Good, Great, and Gruesome Businesses
Any device, system or process can be abstracted solely in terms of its inputs and outputs, without any comprehension of its internal mechanisms – In systems theory, we call this the black box model. This analogy, when transposed to our businesses, provides an intriguing framework. Often, we as founders are so much caught into the details of our businesses that we often loose the sight of the bigger picture. This model offers a strategic lens, emphasizing capital inputs and the resultant value outputs, while abstracting the intricate operational processes therein.
We pour in capital, talent, and ideas, and out emerges a product, a service, or, in fortunate circumstances, a revolution.

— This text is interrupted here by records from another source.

theorem theorem2p4:
  fixes V :: "'v set" and Ed :: "'e set" and s r :: "'e \<Rightarrow> 'v"
  assumes "s ` Ed \<subseteq> V" and "r ` Ed \<subseteq> V"
  defines "G \<equiv> gis_carrier V Ed s r"
  shows "(continuous_map (prod_topology (tau_c G GZero) (tau_c G GZero)) (tau_c G GZero)
            (\<lambda>(x, y). gis_mult x y)
          \<longleftrightarrow> (\<forall>z\<in>G. z \<noteq> GZero \<longrightarrow> finite {(x, y). x \<in> G \<and> y \<in> G \<and> gis_mult x y = z}))
       \<and> ((\<forall>z\<in>G. z \<noteq> GZero \<longrightarrow> finite {(x, y). x \<in> G \<and> y \<in> G \<and> gis_mult x y = z})
          \<longleftrightarrow> (\<forall>e\<in>V. finite {u. is_path V Ed s r u \<and> prange r u = e}))
       \<and> ((\<forall>e\<in>V. finite {u. is_path V Ed s r u \<and> prange r u = e})
          \<longleftrightarrow> \<not> has_iso_subsemigroup G gis_mult (UNIV :: (nat \<times> nat) set) bicyclic_mult
              \<and> \<not> has_iso_subsemigroup G gis_mult (UNIV :: (nat \<times> nat) option set) matunit_mult)
       \<and> ((\<not> has_iso_subsemigroup G gis_mult (UNIV :: (nat \<times> nat) set) bicyclic_mult
              \<and> \<not> has_iso_subsemigroup G gis_mult (UNIV :: (nat \<times> nat) option set) matunit_mult)
          \<longleftrightarrow> (\<forall>a\<in>G. finite {b \<in> G. greenD G gis_mult a b}))"
proof -
  interpret graph_inverse_semigroup V Ed s r
    using assms(2) by unfold_locales
  show ?thesis
    unfolding G_def
    using continuous_if_finite_fibres finite_paths_to_if_continuous finite_fibres_if_finite_paths_to
      finite_greenD_if_finite_paths_to
      not_has_iso_subsemigroup_if_finite_greenD[OF _ UNIV_I infinite_greenD_class_bicyclic]
      not_has_iso_subsemigroup_if_finite_greenD[OF _ UNIV_I infinite_greenD_class_matunit]
      finite_paths_to_if_no_embedding
    by blast
qed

The external observer doesn't see the myriad decisions, the late nights, or the serendipitous moments of insight that occur inside. They only witness the inputs and the resultant outputs.
The Varieties of These Black Boxes: Good, Great, and Gruesome
All businesses are unique, but they can be broadly categorized based on their efficiency and output. Some consistently produce value, while others seem to consume resources without delivering proportional returns.
In his 2007 Annual Letter to Berkshire Hathaway shareholders, Warren Buffett says, “Think of three types of savings accounts:
- The Great one pays an extraordinarily high interest rate that will rise as the years pass.
- The Good one pays an attractive rate of interest that will be earned also on deposits that are added.
- Finally, the Gruesome account both pays an inadequate interest rate and requires you to keep adding money at those disappointing returns.
1. Good Businesses
At first glance, a good business might seem like the ideal black box. You input resources, and it consistently produces a decent output. These businesses achieve a return on equity (ROE) greater than their cost of capital. They have found a sustainable niche, and their operations, while not extraordinary, are solid and dependable. However, while they generate value, they might lack the dynamism or potential for exponential growth. Their black box works, but can be disrupted by competition or changes in tech landscape.
2. Great Businesses
The Great businesses are the marvels of the business world. They are black boxes that not only produce impressive outputs but seem to do so with increasing efficiency and scale. These businesses don't just achieve a high ROE; they have the ability to reinvest their earnings at similarly high rates, leading to compounding growth. What sets them apart is a durable competitive advantage, often termed a "moat," which allows them to fend off competitors and consistently deliver exceptional results. Investing in understanding and optimizing the inner workings of such a black box can yield exponential rewards.
3. Gruesome Businesses
On the other end of the spectrum, we have the Gruesome businesses. These are black boxes that seem to drain more than they produce. Despite consuming resources, talent, and capital, their returns often fall below their cost of capital. They may operate in highly competitive sectors, face structural challenges, or suffer from inefficient operations. The inner mechanics of these black boxes are fraught with inefficiencies, and they often erode value over time.
In our black box analogy, these categories help us understand the efficiency, potential, and challenges of the internal processes. While the external observer sees only the inputs and outputs, understanding whether a business is Good, Great, or Gruesome offers profound insights into its internal dynamics. As we navigate the business landscape, recognizing the nature of these black boxes can guide strategic decisions, investments, and growth trajectories.